Data-driven model for hydraulic fracturing design optimization. Part II: Inverse problem

TL;DR

This paper presents a data-driven approach using machine learning and optimization techniques to design hydraulic fracturing treatments that maximize oil well production, based on extensive field data and inverse problem solving.

Contribution

It introduces a novel integrated framework combining predictive modeling, similarity analysis, and multi-method optimization for hydraulic fracturing design.

Findings

Model accurately predicts cumulative fluid production.

Methods identify optimal fracturing parameters for maximum output.

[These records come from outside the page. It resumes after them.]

lemma ex_legal_move:
  assumes nsepy: "\<not> sepy_cond V E P B" and "\<not> dom_cond1 V E C" and C: "C = P \<or> C = B"
  shows "\<exists>y. legal_move V E P B C y"
proof -
  obtain w where w: "w \<in> V" "\<not> dominated C w"
    using ex_undominated assms by blast
  have "\<not> cnbhd V E w \<subseteq> P" "\<not> cnbhd V E w \<subseteq> B"
    using nsepy w(1) by (auto simp: sepy_cond_def)
  then obtain y where "y \<in> cnbhd V E w" "y \<notin> P" "y \<notin> B"
    using w(2) C unfolding dominated_def by blast
  then show ?thesis
    using legal_move_near_undominated w by blast
qed

definition matching :: "'a set \<Rightarrow> ('a \<Rightarrow> 'a) \<Rightarrow> bool" where
  "matching K q \<longleftrightarrow> K \<subseteq> V \<and> (\<forall>v\<in>K. q v \<in> K \<and> q (q v) = v \<and> E v (q v))"

lemma ex_maximum_matching:
  "\<exists>M mate. matching M mate \<and> (\<forall>K q. matching K q \<longrightarrow> card K \<le> card M)"
proof -
  let ?matchable = "\<lambda>K. \<exists>q. matching K q"
  have "?matchable {}"
    by (auto simp: matching_def)
  moreover have "\<forall>K. ?matchable K \<longrightarrow> card K < card V + 1"
    using finite_V by (auto simp: matching_def intro: card_mono le_imp_less_Suc)
  ultimately obtain M where "?matchable M" "\<forall>K. ?matchable K \<longrightarrow> card K \<le> card M"
    using ex_has_greatest_nat[of ?matchable "{}" card "card V + 1"] by blast
  then show ?thesis
    by blast
qed

end

locale maximum_matching = finite_graph +
  fixes M :: "'a set" and mate :: "'a \<Rightarrow> 'a"
  assumes matching_M: "matching M mate"
    and maximum: "\<And>K q. matching K q \<Longrightarrow> card K \<le> card M"
begin

lemma matched_in_V: "v \<in> M \<Longrightarrow> v \<in> V"
  and mate_matched: "v \<in> M \<Longrightarrow> mate v \<in> M"
  and mate_mate: "v \<in> M \<Longrightarrow> mate (mate v) = v"
  and edge_mate: "v \<in> M \<Longrightarrow> E v (mate v)"
  using matching_M by (auto simp: matching_def)

lemma mate_neq: "v \<in> M \<Longrightarrow> mate v \<noteq> v"
  using edge_mate edge_irrefl by metis

lemma mate_eq_mate_iff: "v \<in> M \<Longrightarrow> w \<in> M \<Longrightarrow> mate v = mate w \<longleftrightarrow> v = w"
  using mate_mate by metis

lemma no_larger_matching:
  assumes "matching (insert x (insert y M)) q" "x \<notin> M" "y \<notin> M" "x \<noteq> y"
  shows False
proof -
  have "finite M"
    using matched_in_V finite_V by (meson finite_subset subsetI)
  then have "card (insert x (insert y M)) = card M + 2"
    using assms by simp
  then show False
    using maximum[OF assms(1)] by simp
qed

lemma unmatched_not_adjacent:
  assumes "x \<notin> M" "y \<notin> M"
  shows "\<not> E x y"
proof
  assume xy: "E x y"
  then have "x \<noteq> y"
    using edge_irrefl by metis
  have "matching (insert x (insert y M)) (mate(x := y, y := x))"
    using assms xy \<open>x \<noteq> y\<close> edge_in_V edge_sym matching_M
    by (auto simp: matching_def)
  then show False
    using no_larger_matching assms \<open>x \<noteq> y\<close> by blast
qed

lemma no_augmenting_path3:
  assumes a: "a \<in> M" and u: "u \<notin> M" "E a u" and u': "u' \<notin> M" "E (mate a) u'"
  shows "u = u'"
proof (rule ccontr)
  assume "u \<noteq> u'"
  let ?K = "insert u (insert u' M)"
  let ?q = "mate(a := u, u := a, mate a := u', u' := mate a)"
  have distinct: "a \<noteq> u" "a \<noteq> u'" "mate a \<noteq> u" "mate a \<noteq> u'" "mate a \<noteq> a"
    using a u u' mate_matched mate_neq by auto
  have "?q v \<in> ?K \<and> ?q (?q v) = v \<and> E v (?q v)" if v: "v \<in> ?K" for v
  proof -
    consider "v = a" | "v = mate a" | "v = u" | "v = u'" | "v \<in> M" "v \<noteq> a" "v \<noteq> mate a"
      using v by blast
    then show ?thesis
    proof cases
      case 5
      then have "mate v \<noteq> a" "mate v \<noteq> mate a" "mate v \<in> M"
        using mate_mate a mate_matched by metis+
      then show ?thesis
        using 5 u u' mate_mate edge_mate by auto
    qed (use distinct \<open>u \<noteq> u'\<close> a u u' mate_mate mate_matched edge_sym in auto)
  qed
  then have "matching ?K ?q"
    using u u' edge_in_V matched_in_V by (auto simp: matching_def)
  then show False
    using no_larger_matching u u' \<open>u \<noteq> u'\<close> by blast
qed

end

locale dom_strategy = maximum_matching +
  assumes no_isolated: "\<And>v. v \<in> V \<Longrightarrow> \<exists>u. E v u"
begin

text \<open>The last clause is what lets Dom play next to an undominated unmatched vertex: its
  neighbours are matched, since M is maximum, and by this clause none of its uncoloured neighbours
  has a purple partner.\<close>

definition strategy_inv :: "'a set \<Rightarrow> 'a set \<Rightarrow> bool" where
  "strategy_inv P B \<longleftrightarrow> P \<subseteq> V \<and> B \<subseteq> V \<and> P \<inter> B = {} \<and>
    (\<forall>v\<in>M. v \<in> P \<longrightarrow> mate v \<notin> P) \<and>
    (\<forall>v\<in>M. v \<in> B \<longrightarrow> mate v \<notin> P \<longrightarrow> dominated P v \<and> dominated P (mate v)) \<and>
    (\<forall>u\<in>V - M. u \<in> B \<longrightarrow> dominated P u) \<and>
    (\<forall>u\<in>V - M. u \<in> P \<longrightarrow> (\<exists>w\<in>B. E u w)) \<and>
    (\<forall>v\<in>M. v \<in> P \<longrightarrow> mate v \<notin> P \<union> B \<longrightarrow>
       (\<forall>u\<in>V - M. E (mate v) u \<longrightarrow> dominated P u))"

Framework aids engineers in designing effective fracturing treatments.

Abstract

We describe a stacked model for predicting the cumulative fluid production for an oil well with a multistage-fracture completion based on a combination of Ridge Regression and CatBoost algorithms. The model is developed based on an extended digital field data base of reservoir, well and fracturing design parameters. The database now includes more than 5000 wells from 23 oilfields of Western Siberia (Russia), with 6687 fracturing operations in total. Starting with 387 parameters characterizing each well, including construction, reservoir properties, fracturing design features and production, we end up with 38 key parameters used as input features for each well in the model training process. The model demonstrates physically explainable dependencies plots of the target on the design parameters (number of stages, proppant mass, average and final proppant concentrations and fluid rate). We developed a set of methods including those based on the use of Euclidean distance and clustering techniques to perform similar (offset) wells search, which is useful for a field engineer to analyze earlier fracturing treatments on similar wells. These approaches are also adapted for obtaining the optimization parameters boundaries for the particular pilot well, as part of the field testing campaign of the methodology. An inverse problem (selecting an optimum set of fracturing design parameters to maximize production) is formulated as optimizing a high dimensional black box approximation function constrained by boundaries and solved with four different optimization methods: surrogate-based optimization, sequential least squares programming, particle swarm optimization and differential evolution. A recommendation system containing all the above methods is designed to advise a production stimulation engineer on an optimized fracturing design.